Sebi, which has been given powers to take action against all unregulated money pooling schemes worth over Rs 100 crore besides all public issuances of securities, has issued this fresh caution notice at a time when a large number of people have been duped by numerous schemes in various states and enforcement action is underway against such operators.
"It has come to the notice of the Securities and Exchange Board of India that some companies/entities are illegally mobilising funds from the public by making false promise of exorbitant rates of return or interest under various schemes or arrangements," the regulator said.
It also said that schemes offered by cooperative societies, deposits accepted by NBFCs or companies declared as Nidhi or mutual benefit societies under Companies Act, pension or insurance schemes framed under Employee Provident Fund laws or Chit Funds Act are outside Sebi's jurisdiction if they are regulated by some other regulator or law.
"Investors are cautioned not to invest in any schemes or arrangements which are unregulated.
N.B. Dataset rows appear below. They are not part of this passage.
text \<open>
  Write \<theta>(\<mu>) for the sum of \<theta> over \<mu>. Call \<omega> a block exceedance if some nonempty \<mu>
  has X i > x / \<theta>(\<mu>) for all i \<in> \<mu>; then the weighted sum of the X i exceeds x. The
  probability of a block exceedance inside an index set I is bounded from below by induction on I,
  carrying independent box constraints on the remaining coordinates along. Put z = x / \<theta>(I) and
  split according to the set L of indices with X i > z. Every block witnessing the exceedance lies
  inside L, so for L \<subset> I the induction hypothesis applies to L with threshold z; for L = I the
  event holds outright, and the condition x \<in> R(\<theta>) at \<mu> = I, i.e.
  \<theta>(I) P(X i > x) \<le> P(X i > z), bounds its contribution. Writing P(X k > y) as
  P(X k > z) + P(y < X k \<le> z) and expanding the products matches the lower bound with this
  decomposition term by term.
\<close>

definition block_exceeds :: "('i \<Rightarrow> 'a \<Rightarrow> real) \<Rightarrow> ('i \<Rightarrow> real) \<Rightarrow> real \<Rightarrow> 'i set \<Rightarrow> 'a \<Rightarrow> bool" where
  "block_exceeds X \<theta> x I \<omega> \<longleftrightarrow> (\<exists>\<mu>\<subseteq>I. \<mu> \<noteq> {} \<and> (\<forall>i\<in>\<mu>. x / sum \<theta> \<mu> < X i \<omega>))"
Sebi does not guarantee the repayment of money by these companies or entities," it said.
Asking the general public to be cautious of such illicit schemes, the regulator also said it offers basic financial education to investors free of cost and they can contact its regional or local offices for more details about the same.
The latest caution notice comes within days of Sebi warning the investors and general public against dealing with entities that are continuing to collect funds even after being barred to do so.
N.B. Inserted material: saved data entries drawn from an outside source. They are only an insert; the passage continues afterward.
(* Let $\mathbf{I}$ be a $d$-system of ideals in a ring $R$, $A:=\mathscr{A}(R,\mathbf{I})$, and $T_j:=\bigoplus_{i=1}^d\mathbb{T}_{ij}$ for $1\le j\le d$. Then, as left $A$-modules, $T_j\cong Ae_1/(Af_{d+1-j}Ae_1)=(A/J_{d+1-j})e_1$ for all $1\le j\le d$.
   Context: A $d$-system of ideals in $R$ is a collection $\{I_{ij}\mid1\le i,j\le d+1\}$ of two-sided ideals with $I_{ij}I_{jk}\subset I_{ik}$ and $I_{ij}=R$ for $i\ge j$. $\mathscr{A}(R,\mathbf{I}):=\bigoplus_{1\le i,j\le d}X_{ij}$, $X_{ij}:=I_{ij}/I_{i,d+1}$, with multiplication $(x+I_{i,d+1})(y+I_{k,d+1})=\delta_{jk}(xy+I_{i,d+1})\in X_{il}$ for $x\in I_{ij},y\in I_{kl}$. Put $e_k:=1+I_{k,d+1}\in X_{kk}$, $f_j:=\sum_{k>j}e_k$ for $0\le j\le d$ ($f_d=0$), $J_j:=Af_jA$. Define $\mathbb{T}_{kl}:=R/I_{k,d+2-l}$ for $1\le k,l\le d$, with $A$ acting on $\bigoplus_{k}\mathbb{T}_{kl}$ by $(x+I_{i,d+1})\cdot(r+I_{k,d+2-l})=\delta_{jk}(xr+I_{i,d+2-l})\in\mathbb{T}_{il}$ for $x\in I_{ij}$, $r\in R$. *)

theory Defs
  imports Main
begin

text \<open>The ring R is the whole carrier of a type of class ring with unit
  (not required to be nontrivial). Ideals are subsets of that type.\<close>

definition two_sided_ideal :: "'a::{ring,monoid_mult} set \<Rightarrow> bool" where
  "two_sided_ideal J \<longleftrightarrow> 0 \<in> J \<and> (\<forall>x\<in>J. \<forall>y\<in>J. x + y \<in> J) \<and> (\<forall>x\<in>J. - x \<in> J)
     \<and> (\<forall>x\<in>J. \<forall>r. r * x \<in> J \<and> x * r \<in> J)"

text \<open>A d-system of ideals, indices 1..d+1.  The condition I_ij I_jk \<subseteq> I_ik
  is written elementwise (equivalent to containment of the product ideal).\<close>
definition d_system :: "nat \<Rightarrow> (nat \<Rightarrow> nat \<Rightarrow> 'a::{ring,monoid_mult} set) \<Rightarrow> bool" where
  "d_system d I \<longleftrightarrow>
     (\<forall>i j. 1 \<le> i \<and> i \<le> d + 1 \<and> 1 \<le> j \<and> j \<le> d + 1 \<longrightarrow> two_sided_ideal (I i j))
   \<and> (\<forall>i j k. 1 \<le> i \<and> i \<le> d + 1 \<and> 1 \<le> j \<and> j \<le> d + 1 \<and> 1 \<le> k \<and> k \<le> d + 1 \<longrightarrow>
        (\<forall>x\<in>I i j. \<forall>y\<in>I j k. x * y \<in> I i k))
   \<and> (\<forall>i j. 1 \<le> i \<and> i \<le> d + 1 \<and> 1 \<le> j \<and> j \<le> d + 1 \<and> j \<le> i \<longrightarrow> I i j = UNIV)"

definition cos :: "'a::plus set \<Rightarrow> 'a \<Rightarrow> 'a set" where
  "cos S x = (\<lambda>s. x + s) ` S"

definition rep :: "'b set \<Rightarrow> 'b" where
  "rep S = (SOME x. x \<in> S)"

definition inr :: "nat \<Rightarrow> nat \<Rightarrow> nat \<Rightarrow> bool" where
  "inr d i j \<longleftrightarrow> 1 \<le> i \<and> i \<le> d \<and> 1 \<le> j \<and> j \<le> d"

subsection \<open>The algebra A = A(R,I): d x d arrays, entry (i,j) in X_ij = I_ij / I_{i,d+1}\<close>

definition clsA :: "nat \<Rightarrow> (nat \<Rightarrow> nat \<Rightarrow> 'a::{ring,monoid_mult} set) \<Rightarrow> (nat \<Rightarrow> nat \<Rightarrow> 'a) \<Rightarrow> nat \<Rightarrow> nat \<Rightarrow> 'a set" where
  "clsA d I x = (\<lambda>i j. if inr d i j then cos (I i (d + 1)) (x i j) else {0})"

definition carrierA :: "nat \<Rightarrow> (nat \<Rightarrow> nat \<Rightarrow> 'a::{ring,monoid_mult} set) \<Rightarrow> (nat \<Rightarrow> nat \<Rightarrow> 'a set) set" where
  "carrierA d I = {clsA d I x | x. \<forall>i j. inr d i j \<longrightarrow> x i j \<in> I i j}"

definition zeroA :: "nat \<Rightarrow> (nat \<Rightarrow> nat \<Rightarrow> 'a::{ring,monoid_mult} set) \<Rightarrow> nat \<Rightarrow> nat \<Rightarrow> 'a set" where
  "zeroA d I = clsA d I (\<lambda>i j. 0)"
Making public a list of 51 entities, which included many from West Bengal, the capital market watchdog had said last week that investors should not be lured towards illegal schemes that claim to offer much higher returns than banks and other registered entities.
Sebi had also asked the investors to report such unauthorised money pooling activities to the market regulator, state authorities, including police and other agencies.
Sebi has been given greater powers to deal with the ponzi menace, which typically involves money being raised from investors with promise of high returns and old investors being given returns from funds collected from new subscribers to such schemes.